### TASK PROMPT
Would you reproduce all of the entries below, character for character?

### ENTRIES SHOWN
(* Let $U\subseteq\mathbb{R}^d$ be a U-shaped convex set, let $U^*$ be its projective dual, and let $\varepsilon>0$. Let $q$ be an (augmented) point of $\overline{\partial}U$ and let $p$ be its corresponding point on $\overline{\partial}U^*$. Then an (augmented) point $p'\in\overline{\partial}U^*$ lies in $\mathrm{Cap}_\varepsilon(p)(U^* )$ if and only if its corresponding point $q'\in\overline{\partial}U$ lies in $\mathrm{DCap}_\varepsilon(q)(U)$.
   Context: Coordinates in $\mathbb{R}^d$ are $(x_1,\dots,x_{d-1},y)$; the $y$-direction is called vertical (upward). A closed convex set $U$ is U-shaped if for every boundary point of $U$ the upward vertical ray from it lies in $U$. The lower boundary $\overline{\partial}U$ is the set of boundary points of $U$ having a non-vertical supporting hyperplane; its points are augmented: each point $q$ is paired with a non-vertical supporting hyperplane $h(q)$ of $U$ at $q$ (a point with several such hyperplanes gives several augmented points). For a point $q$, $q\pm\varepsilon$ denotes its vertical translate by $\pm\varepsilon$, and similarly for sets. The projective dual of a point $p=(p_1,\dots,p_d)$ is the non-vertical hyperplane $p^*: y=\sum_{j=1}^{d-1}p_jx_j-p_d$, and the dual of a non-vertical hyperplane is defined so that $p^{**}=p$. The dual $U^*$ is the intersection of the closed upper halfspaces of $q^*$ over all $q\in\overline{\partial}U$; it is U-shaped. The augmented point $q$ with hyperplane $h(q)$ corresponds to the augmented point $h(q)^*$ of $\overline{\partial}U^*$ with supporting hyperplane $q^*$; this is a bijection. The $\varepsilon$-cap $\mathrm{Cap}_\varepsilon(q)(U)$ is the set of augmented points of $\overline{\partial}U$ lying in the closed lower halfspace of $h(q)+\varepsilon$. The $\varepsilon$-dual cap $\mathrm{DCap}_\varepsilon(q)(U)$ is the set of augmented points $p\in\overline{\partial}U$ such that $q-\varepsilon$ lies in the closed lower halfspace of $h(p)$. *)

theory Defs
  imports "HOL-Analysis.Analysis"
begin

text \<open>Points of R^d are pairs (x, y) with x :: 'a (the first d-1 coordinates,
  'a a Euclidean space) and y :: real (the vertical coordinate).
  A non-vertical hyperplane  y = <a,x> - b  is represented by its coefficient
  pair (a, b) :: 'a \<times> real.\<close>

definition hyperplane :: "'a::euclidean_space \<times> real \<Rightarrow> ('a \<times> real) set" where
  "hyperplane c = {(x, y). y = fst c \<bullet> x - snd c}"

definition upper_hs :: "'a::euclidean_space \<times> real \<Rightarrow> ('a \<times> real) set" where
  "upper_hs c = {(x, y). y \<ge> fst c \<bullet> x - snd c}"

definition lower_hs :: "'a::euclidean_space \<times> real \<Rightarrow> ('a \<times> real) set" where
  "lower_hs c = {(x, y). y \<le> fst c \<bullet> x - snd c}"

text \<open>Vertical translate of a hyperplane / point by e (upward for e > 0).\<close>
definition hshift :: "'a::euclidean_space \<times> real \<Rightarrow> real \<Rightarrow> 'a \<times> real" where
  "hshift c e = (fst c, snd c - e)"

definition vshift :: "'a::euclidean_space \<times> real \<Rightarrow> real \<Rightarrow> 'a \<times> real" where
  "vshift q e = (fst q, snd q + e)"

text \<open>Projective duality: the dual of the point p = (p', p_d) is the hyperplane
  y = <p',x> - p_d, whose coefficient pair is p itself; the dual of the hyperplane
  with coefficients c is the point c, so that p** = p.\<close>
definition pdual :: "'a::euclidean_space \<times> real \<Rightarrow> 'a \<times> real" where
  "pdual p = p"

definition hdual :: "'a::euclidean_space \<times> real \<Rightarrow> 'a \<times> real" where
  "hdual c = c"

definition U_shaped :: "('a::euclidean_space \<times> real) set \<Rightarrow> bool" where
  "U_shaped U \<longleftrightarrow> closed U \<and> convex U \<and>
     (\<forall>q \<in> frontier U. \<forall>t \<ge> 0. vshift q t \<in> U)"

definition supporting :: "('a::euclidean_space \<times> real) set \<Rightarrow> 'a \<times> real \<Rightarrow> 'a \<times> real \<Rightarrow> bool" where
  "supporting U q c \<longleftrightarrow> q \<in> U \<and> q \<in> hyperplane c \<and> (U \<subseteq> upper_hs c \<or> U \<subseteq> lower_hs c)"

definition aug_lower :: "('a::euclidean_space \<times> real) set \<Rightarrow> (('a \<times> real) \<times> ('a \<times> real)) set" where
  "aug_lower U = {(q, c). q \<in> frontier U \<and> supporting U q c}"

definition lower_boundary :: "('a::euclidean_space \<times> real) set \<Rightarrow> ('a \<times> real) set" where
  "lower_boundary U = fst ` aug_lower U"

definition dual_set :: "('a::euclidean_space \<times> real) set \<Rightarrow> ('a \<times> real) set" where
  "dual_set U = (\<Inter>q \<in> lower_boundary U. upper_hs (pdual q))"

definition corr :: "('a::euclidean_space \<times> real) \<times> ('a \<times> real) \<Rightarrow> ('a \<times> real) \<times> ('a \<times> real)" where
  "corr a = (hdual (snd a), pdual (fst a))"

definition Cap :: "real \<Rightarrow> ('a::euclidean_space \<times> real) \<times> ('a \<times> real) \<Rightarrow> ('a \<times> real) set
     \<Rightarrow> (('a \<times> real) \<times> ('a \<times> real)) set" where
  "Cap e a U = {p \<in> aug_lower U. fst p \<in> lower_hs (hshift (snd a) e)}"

### RESPONSE FOR THIS EXERCISE
(* Let $U\subseteq\mathbb{R}^d$ be a U-shaped convex set, let $U^*$ be its projective dual, and let $\varepsilon>0$. Let $q$ be an (augmented) point of $\overline{\partial}U$ and let $p$ be its corresponding point on $\overline{\partial}U^*$. Then an (augmented) point $p'\in\overline{\partial}U^*$ lies in $\mathrm{Cap}_\varepsilon(p)(U^* )$ if and only if its corresponding point $q'\in\overline{\partial}U$ lies in $\mathrm{DCap}_\varepsilon(q)(U)$.
   Context: Coordinates in $\mathbb{R}^d$ are $(x_1,\dots,x_{d-1},y)$; the $y$-direction is called vertical (upward). A closed convex set $U$ is U-shaped if for every boundary point of $U$ the upward vertical ray from it lies in $U$. The lower boundary $\overline{\partial}U$ is the set of boundary points of $U$ having a non-vertical supporting hyperplane; its points are augmented: each point $q$ is paired with a non-vertical supporting hyperplane $h(q)$ of $U$ at $q$ (a point with several such hyperplanes gives several augmented points). For a point $q$, $q\pm\varepsilon$ denotes its vertical translate by $\pm\varepsilon$, and similarly for sets. The projective dual of a point $p=(p_1,\dots,p_d)$ is the non-vertical hyperplane $p^*: y=\sum_{j=1}^{d-1}p_jx_j-p_d$, and the dual of a non-vertical hyperplane is defined so that $p^{**}=p$. The dual $U^*$ is the intersection of the closed upper halfspaces of $q^*$ over all $q\in\overline{\partial}U$; it is U-shaped. The augmented point $q$ with hyperplane $h(q)$ corresponds to the augmented point $h(q)^*$ of $\overline{\partial}U^*$ with supporting hyperplane $q^*$; this is a bijection. The $\varepsilon$-cap $\mathrm{Cap}_\varepsilon(q)(U)$ is the set of augmented points of $\overline{\partial}U$ lying in the closed lower halfspace of $h(q)+\varepsilon$. The $\varepsilon$-dual cap $\mathrm{DCap}_\varepsilon(q)(U)$ is the set of augmented points $p\in\overline{\partial}U$ such that $q-\varepsilon$ lies in the closed lower halfspace of $h(p)$. *)

theory Defs
  imports "HOL-Analysis.Analysis"
begin

text \<open>Points of R^d are pairs (x, y) with x :: 'a (the first d-1 coordinates,
  'a a Euclidean space) and y :: real (the vertical coordinate).
  A non-vertical hyperplane  y = <a,x> - b  is represented by its coefficient
  pair (a, b) :: 'a \<times> real.\<close>

definition hyperplane :: "'a::euclidean_space \<times> real \<Rightarrow> ('a \<times> real) set" where
  "hyperplane c = {(x, y). y = fst c \<bullet> x - snd c}"

definition upper_hs :: "'a::euclidean_space \<times> real \<Rightarrow> ('a \<times> real) set" where
  "upper_hs c = {(x, y). y \<ge> fst c \<bullet> x - snd c}"

definition lower_hs :: "'a::euclidean_space \<times> real \<Rightarrow> ('a \<times> real) set" where
  "lower_hs c = {(x, y). y \<le> fst c \<bullet> x - snd c}"

text \<open>Vertical translate of a hyperplane / point by e (upward for e > 0).\<close>
definition hshift :: "'a::euclidean_space \<times> real \<Rightarrow> real \<Rightarrow> 'a \<times> real" where
  "hshift c e = (fst c, snd c - e)"

definition vshift :: "'a::euclidean_space \<times> real \<Rightarrow> real \<Rightarrow> 'a \<times> real" where
  "vshift q e = (fst q, snd q + e)"

text \<open>Projective duality: the dual of the point p = (p', p_d) is the hyperplane
  y = <p',x> - p_d, whose coefficient pair is p itself; the dual of the hyperplane
  with coefficients c is the point c, so that p** = p.\<close>
definition pdual :: "'a::euclidean_space \<times> real \<Rightarrow> 'a \<times> real" where
  "pdual p = p"

definition hdual :: "'a::euclidean_space \<times> real \<Rightarrow> 'a \<times> real" where
  "hdual c = c"

definition U_shaped :: "('a::euclidean_space \<times> real) set \<Rightarrow> bool" where
  "U_shaped U \<longleftrightarrow> closed U \<and> convex U \<and>
     (\<forall>q \<in> frontier U. \<forall>t \<ge> 0. vshift q t \<in> U)"

definition supporting :: "('a::euclidean_space \<times> real) set \<Rightarrow> 'a \<times> real \<Rightarrow> 'a \<times> real \<Rightarrow> bool" where
  "supporting U q c \<longleftrightarrow> q \<in> U \<and> q \<in> hyperplane c \<and> (U \<subseteq> upper_hs c \<or> U \<subseteq> lower_hs c)"

definition aug_lower :: "('a::euclidean_space \<times> real) set \<Rightarrow> (('a \<times> real) \<times> ('a \<times> real)) set" where
  "aug_lower U = {(q, c). q \<in> frontier U \<and> supporting U q c}"

definition lower_boundary :: "('a::euclidean_space \<times> real) set \<Rightarrow> ('a \<times> real) set" where
  "lower_boundary U = fst ` aug_lower U"

definition dual_set :: "('a::euclidean_space \<times> real) set \<Rightarrow> ('a \<times> real) set" where
  "dual_set U = (\<Inter>q \<in> lower_boundary U. upper_hs (pdual q))"

definition corr :: "('a::euclidean_space \<times> real) \<times> ('a \<times> real) \<Rightarrow> ('a \<times> real) \<times> ('a \<times> real)" where
  "corr a = (hdual (snd a), pdual (fst a))"

definition Cap :: "real \<Rightarrow> ('a::euclidean_space \<times> real) \<times> ('a \<times> real) \<Rightarrow> ('a \<times> real) set
     \<Rightarrow> (('a \<times> real) \<times> ('a \<times> real)) set" where
  "Cap e a U = {p \<in> aug_lower U. fst p \<in> lower_hs (hshift (snd a) e)}"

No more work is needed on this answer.